*Exercise instructions*
Below are the entries; give again exactly the lines from the one mentioning "(m = 1 \<and>" through the one mentioning "a_def by simp", inclusive.

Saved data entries
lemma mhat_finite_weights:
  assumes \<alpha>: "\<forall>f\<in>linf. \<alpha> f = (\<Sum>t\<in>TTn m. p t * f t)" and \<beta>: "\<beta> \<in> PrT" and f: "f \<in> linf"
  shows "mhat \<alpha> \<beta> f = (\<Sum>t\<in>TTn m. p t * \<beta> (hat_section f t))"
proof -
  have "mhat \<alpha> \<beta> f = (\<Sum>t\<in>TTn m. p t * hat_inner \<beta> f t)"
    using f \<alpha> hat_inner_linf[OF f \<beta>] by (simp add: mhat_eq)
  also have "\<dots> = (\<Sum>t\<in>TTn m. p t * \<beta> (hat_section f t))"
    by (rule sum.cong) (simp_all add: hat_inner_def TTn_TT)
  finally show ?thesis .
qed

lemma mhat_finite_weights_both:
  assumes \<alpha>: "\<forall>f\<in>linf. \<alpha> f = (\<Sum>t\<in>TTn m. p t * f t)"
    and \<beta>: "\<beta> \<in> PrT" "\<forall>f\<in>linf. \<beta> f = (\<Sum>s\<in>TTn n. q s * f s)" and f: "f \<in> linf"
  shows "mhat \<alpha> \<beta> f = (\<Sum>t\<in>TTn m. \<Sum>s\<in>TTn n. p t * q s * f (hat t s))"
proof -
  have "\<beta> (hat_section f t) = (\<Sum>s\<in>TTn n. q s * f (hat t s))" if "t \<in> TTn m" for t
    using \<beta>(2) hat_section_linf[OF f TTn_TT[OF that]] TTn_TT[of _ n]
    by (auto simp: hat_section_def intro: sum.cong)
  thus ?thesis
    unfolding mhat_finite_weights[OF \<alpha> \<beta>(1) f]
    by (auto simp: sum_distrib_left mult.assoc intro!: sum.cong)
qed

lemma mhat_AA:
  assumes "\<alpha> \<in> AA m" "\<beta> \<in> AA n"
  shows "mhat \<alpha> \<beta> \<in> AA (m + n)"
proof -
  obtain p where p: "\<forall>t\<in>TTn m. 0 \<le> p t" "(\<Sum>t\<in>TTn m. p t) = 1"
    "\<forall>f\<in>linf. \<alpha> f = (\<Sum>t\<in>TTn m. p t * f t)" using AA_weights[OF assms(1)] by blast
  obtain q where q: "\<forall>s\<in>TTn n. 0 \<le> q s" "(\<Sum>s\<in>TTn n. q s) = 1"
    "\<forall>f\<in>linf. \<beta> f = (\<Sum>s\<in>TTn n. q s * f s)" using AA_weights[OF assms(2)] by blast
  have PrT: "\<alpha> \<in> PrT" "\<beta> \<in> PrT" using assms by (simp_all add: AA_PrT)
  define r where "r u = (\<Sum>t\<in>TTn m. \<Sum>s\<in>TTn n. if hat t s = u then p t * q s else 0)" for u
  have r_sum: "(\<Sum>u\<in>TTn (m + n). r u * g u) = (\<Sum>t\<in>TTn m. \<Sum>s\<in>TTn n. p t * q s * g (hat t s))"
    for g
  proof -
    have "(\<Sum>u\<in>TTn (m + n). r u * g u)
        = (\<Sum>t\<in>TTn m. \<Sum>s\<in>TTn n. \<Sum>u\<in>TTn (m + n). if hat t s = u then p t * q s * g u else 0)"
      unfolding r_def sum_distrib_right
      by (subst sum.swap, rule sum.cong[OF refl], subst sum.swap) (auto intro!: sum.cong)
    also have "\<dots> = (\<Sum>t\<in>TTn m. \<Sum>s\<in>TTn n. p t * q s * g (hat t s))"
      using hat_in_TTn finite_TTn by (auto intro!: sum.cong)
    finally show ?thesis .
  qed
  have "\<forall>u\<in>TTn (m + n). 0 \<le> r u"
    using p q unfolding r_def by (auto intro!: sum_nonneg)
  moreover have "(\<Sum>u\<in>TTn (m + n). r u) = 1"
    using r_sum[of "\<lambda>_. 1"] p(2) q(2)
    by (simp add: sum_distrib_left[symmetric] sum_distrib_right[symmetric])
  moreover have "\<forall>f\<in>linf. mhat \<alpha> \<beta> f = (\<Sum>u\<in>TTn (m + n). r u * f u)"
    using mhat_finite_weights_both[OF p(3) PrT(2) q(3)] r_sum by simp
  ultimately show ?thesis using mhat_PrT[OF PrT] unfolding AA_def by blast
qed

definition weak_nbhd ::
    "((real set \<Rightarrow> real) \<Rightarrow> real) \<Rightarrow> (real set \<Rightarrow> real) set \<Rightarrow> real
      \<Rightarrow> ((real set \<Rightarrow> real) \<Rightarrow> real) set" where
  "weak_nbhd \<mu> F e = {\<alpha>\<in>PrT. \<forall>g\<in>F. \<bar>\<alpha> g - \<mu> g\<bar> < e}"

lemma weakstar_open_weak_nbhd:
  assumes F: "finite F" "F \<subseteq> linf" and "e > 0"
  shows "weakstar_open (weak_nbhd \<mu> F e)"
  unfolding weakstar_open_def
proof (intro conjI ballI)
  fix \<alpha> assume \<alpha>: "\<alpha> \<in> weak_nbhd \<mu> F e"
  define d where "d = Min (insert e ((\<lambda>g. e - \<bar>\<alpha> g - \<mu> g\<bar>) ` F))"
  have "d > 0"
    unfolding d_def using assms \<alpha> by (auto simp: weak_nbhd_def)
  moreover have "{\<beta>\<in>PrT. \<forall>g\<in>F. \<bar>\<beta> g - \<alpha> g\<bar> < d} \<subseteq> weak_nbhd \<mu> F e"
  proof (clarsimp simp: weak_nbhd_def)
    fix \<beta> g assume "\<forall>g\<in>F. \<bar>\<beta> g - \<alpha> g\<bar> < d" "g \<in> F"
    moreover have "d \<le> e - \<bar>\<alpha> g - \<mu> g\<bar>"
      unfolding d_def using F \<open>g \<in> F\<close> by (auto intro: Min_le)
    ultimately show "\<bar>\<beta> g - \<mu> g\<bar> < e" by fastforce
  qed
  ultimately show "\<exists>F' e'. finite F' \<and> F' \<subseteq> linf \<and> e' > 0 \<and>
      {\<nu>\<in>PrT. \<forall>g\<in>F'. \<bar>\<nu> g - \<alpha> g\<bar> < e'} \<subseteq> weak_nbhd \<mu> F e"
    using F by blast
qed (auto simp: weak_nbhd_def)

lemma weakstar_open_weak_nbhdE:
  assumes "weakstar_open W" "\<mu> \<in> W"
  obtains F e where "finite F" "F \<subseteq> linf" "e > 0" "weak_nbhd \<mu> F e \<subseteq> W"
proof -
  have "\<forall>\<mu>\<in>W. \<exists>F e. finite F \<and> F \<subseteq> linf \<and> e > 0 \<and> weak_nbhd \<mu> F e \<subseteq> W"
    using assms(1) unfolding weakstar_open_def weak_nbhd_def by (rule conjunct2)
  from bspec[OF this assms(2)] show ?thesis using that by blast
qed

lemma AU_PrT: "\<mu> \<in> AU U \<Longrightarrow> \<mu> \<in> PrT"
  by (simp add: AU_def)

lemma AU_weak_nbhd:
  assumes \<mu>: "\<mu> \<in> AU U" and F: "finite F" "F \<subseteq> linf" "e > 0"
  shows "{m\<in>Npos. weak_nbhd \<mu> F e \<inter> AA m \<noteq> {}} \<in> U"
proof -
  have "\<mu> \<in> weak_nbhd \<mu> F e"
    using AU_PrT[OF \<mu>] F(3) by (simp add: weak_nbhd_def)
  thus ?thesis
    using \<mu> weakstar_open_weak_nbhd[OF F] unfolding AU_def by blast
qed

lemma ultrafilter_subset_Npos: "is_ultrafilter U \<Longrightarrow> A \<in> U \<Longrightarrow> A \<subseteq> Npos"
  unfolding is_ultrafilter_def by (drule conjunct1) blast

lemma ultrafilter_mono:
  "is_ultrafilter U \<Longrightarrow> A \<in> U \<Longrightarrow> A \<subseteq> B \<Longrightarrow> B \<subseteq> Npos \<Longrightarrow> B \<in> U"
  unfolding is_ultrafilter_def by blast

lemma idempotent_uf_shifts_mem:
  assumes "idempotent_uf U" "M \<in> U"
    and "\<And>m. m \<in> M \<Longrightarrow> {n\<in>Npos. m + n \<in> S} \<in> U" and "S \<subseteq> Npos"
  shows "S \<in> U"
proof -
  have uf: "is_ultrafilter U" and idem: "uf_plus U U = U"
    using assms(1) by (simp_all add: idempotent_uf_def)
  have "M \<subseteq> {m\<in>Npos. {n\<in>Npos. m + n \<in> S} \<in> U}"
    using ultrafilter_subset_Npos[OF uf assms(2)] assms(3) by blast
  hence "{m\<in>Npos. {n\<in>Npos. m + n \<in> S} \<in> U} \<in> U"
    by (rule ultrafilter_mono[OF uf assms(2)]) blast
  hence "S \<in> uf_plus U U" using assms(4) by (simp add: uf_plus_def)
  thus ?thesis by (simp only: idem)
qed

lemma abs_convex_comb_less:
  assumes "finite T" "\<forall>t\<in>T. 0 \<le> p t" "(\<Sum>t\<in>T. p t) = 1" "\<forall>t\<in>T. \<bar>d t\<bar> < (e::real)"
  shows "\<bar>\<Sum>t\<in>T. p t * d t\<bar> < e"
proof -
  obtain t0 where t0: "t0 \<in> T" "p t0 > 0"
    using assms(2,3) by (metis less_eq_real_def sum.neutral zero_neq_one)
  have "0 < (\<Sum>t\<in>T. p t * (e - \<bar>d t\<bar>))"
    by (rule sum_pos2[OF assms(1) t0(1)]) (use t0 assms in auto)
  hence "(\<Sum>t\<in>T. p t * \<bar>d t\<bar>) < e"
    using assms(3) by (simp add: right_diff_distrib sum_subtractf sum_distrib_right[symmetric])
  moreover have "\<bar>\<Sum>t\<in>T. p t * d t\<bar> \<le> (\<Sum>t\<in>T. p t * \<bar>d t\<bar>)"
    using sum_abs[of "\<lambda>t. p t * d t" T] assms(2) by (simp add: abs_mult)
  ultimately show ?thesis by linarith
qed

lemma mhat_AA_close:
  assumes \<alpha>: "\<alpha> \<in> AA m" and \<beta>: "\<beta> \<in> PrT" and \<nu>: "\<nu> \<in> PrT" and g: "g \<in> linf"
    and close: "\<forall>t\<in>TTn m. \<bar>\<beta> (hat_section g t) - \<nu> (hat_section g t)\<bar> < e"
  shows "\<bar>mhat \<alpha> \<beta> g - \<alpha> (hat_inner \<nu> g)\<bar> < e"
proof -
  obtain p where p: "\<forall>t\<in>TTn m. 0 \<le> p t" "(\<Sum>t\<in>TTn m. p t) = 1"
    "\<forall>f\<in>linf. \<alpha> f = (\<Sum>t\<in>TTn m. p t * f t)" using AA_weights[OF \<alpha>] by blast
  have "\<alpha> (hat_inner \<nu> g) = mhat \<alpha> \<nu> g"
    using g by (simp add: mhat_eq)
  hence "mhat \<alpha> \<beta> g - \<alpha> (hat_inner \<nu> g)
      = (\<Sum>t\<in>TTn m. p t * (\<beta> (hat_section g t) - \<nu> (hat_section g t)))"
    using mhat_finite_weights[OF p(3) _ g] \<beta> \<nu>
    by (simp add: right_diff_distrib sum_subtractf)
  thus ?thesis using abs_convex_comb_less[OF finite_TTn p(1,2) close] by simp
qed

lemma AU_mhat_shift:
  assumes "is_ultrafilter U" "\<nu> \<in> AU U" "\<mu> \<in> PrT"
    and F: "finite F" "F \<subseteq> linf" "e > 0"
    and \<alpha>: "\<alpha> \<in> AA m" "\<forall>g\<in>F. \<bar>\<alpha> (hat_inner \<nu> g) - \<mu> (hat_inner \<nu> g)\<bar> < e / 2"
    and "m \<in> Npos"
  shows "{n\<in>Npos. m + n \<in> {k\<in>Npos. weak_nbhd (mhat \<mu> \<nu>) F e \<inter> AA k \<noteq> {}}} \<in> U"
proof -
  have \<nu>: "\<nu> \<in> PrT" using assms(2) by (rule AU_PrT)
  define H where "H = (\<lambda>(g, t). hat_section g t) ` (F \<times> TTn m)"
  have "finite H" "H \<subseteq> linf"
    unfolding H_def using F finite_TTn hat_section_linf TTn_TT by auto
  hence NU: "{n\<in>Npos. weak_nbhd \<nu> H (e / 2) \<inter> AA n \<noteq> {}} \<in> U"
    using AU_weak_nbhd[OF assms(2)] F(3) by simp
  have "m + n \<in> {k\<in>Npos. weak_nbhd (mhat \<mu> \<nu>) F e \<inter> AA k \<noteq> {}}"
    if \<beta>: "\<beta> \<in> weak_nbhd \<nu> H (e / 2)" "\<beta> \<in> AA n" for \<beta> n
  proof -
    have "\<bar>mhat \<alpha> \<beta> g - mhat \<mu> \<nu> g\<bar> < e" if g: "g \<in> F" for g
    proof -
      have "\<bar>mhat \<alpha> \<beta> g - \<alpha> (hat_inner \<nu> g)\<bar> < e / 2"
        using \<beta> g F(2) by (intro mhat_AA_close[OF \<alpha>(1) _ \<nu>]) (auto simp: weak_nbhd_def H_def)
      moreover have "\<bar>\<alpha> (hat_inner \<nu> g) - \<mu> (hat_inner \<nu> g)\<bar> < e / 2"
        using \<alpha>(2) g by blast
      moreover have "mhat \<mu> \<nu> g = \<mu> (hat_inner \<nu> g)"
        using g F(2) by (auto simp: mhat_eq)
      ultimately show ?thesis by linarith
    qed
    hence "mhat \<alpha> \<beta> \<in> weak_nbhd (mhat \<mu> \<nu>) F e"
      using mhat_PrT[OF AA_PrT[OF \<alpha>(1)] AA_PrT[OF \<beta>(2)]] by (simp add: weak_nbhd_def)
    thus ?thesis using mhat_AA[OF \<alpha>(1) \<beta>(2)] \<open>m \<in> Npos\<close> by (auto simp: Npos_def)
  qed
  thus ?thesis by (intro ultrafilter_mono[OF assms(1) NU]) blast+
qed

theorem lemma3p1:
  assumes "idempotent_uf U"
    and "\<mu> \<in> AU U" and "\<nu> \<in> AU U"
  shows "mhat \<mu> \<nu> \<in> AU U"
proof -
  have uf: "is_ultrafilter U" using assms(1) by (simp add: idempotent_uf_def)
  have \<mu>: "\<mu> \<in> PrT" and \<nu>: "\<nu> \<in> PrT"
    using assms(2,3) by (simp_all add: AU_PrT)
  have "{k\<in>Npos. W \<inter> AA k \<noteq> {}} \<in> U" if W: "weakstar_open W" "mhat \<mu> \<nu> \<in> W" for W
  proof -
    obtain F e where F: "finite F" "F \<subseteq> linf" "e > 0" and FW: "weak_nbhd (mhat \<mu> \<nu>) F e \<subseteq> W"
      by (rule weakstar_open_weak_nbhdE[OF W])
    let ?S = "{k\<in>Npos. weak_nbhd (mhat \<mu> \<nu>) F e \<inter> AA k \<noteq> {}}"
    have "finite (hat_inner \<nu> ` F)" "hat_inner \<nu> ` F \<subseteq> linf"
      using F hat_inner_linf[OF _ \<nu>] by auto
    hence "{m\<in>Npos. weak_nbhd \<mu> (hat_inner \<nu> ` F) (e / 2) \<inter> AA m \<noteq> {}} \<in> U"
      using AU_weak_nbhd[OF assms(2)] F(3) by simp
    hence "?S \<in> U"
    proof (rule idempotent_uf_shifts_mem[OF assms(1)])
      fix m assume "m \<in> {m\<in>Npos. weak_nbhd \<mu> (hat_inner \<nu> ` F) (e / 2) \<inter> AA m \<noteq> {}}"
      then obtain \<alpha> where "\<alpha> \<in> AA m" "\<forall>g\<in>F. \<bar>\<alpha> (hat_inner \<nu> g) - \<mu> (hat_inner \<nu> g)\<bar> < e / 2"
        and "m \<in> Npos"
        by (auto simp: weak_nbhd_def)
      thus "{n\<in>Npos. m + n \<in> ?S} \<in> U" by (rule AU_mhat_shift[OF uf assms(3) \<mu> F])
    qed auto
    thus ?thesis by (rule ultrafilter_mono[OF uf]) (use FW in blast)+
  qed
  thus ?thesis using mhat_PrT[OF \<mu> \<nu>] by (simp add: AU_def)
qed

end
---
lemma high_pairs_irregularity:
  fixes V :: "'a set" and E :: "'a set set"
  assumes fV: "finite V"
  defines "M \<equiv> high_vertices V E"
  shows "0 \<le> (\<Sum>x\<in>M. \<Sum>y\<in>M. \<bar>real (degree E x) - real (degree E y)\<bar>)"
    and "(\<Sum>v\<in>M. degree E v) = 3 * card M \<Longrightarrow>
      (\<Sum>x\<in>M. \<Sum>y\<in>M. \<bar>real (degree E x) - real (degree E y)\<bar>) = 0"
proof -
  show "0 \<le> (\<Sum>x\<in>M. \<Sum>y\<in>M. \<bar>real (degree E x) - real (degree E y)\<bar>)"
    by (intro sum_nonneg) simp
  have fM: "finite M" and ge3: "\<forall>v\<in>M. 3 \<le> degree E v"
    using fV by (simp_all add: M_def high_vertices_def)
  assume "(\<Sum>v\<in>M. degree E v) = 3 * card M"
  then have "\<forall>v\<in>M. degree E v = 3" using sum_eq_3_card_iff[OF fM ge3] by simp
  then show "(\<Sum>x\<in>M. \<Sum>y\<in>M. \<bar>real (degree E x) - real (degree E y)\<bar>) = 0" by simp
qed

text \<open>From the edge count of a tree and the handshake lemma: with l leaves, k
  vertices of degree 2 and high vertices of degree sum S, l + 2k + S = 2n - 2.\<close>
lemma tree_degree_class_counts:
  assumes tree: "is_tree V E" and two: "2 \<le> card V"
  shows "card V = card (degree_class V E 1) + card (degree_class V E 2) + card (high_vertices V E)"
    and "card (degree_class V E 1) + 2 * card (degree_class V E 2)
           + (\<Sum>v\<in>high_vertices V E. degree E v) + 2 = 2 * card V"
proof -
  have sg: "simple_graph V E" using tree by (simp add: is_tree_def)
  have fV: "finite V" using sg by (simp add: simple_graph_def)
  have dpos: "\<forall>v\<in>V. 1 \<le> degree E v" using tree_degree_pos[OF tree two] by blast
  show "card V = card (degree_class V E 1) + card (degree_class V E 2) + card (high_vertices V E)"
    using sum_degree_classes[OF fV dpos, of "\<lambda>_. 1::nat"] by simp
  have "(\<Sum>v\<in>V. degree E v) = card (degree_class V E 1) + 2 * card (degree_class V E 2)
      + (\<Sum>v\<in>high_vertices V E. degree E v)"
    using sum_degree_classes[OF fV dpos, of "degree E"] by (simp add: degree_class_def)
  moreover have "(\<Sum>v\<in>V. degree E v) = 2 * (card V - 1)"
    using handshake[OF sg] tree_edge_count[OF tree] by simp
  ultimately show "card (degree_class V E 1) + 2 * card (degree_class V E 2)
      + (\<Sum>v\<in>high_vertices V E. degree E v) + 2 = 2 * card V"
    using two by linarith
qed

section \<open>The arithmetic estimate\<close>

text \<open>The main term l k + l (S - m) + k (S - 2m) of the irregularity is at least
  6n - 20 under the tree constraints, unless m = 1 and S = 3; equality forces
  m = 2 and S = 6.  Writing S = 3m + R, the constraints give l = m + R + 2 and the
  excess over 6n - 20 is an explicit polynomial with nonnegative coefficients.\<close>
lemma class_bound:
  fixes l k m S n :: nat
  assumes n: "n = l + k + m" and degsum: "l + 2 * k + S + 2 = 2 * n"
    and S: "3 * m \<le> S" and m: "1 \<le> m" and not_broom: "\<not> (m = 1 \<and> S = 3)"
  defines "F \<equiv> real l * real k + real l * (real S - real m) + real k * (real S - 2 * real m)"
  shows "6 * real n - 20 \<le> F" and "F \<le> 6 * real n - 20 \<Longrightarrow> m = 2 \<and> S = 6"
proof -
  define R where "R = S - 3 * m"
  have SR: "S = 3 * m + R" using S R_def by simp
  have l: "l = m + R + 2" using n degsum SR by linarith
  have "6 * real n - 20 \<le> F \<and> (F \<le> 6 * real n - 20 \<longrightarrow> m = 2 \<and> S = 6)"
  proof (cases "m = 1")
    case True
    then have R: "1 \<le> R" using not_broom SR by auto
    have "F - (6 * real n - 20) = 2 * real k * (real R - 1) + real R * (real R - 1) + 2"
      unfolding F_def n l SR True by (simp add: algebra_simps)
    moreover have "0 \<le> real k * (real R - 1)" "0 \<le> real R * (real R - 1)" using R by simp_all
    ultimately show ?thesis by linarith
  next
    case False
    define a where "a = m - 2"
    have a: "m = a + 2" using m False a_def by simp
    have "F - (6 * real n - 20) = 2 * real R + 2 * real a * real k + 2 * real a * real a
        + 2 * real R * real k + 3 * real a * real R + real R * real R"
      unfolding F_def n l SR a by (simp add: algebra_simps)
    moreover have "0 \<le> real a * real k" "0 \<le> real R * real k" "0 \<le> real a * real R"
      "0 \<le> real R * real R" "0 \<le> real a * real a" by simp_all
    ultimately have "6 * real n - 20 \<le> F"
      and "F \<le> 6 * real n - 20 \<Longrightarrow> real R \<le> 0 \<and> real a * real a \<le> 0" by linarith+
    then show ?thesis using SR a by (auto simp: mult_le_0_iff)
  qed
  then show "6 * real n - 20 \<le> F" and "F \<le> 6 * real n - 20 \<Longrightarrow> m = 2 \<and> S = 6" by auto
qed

*Task result*
    and S: "3 * m \<le> S" and m: "1 \<le> m" and not_broom: "\<not> (m = 1 \<and> S = 3)"
  defines "F \<equiv> real l * real k + real l * (real S - real m) + real k * (real S - 2 * real m)"
  shows "6 * real n - 20 \<le> F" and "F \<le> 6 * real n - 20 \<Longrightarrow> m = 2 \<and> S = 6"
proof -
  define R where "R = S - 3 * m"
  have SR: "S = 3 * m + R" using S R_def by simp
  have l: "l = m + R + 2" using n degsum SR by linarith
  have "6 * real n - 20 \<le> F \<and> (F \<le> 6 * real n - 20 \<longrightarrow> m = 2 \<and> S = 6)"
  proof (cases "m = 1")
    case True
    then have R: "1 \<le> R" using not_broom SR by auto
    have "F - (6 * real n - 20) = 2 * real k * (real R - 1) + real R * (real R - 1) + 2"
      unfolding F_def n l SR True by (simp add: algebra_simps)
    moreover have "0 \<le> real k * (real R - 1)" "0 \<le> real R * (real R - 1)" using R by simp_all
    ultimately show ?thesis by linarith
  next
    case False
    define a where "a = m - 2"
    have a: "m = a + 2" using m False a_def by simp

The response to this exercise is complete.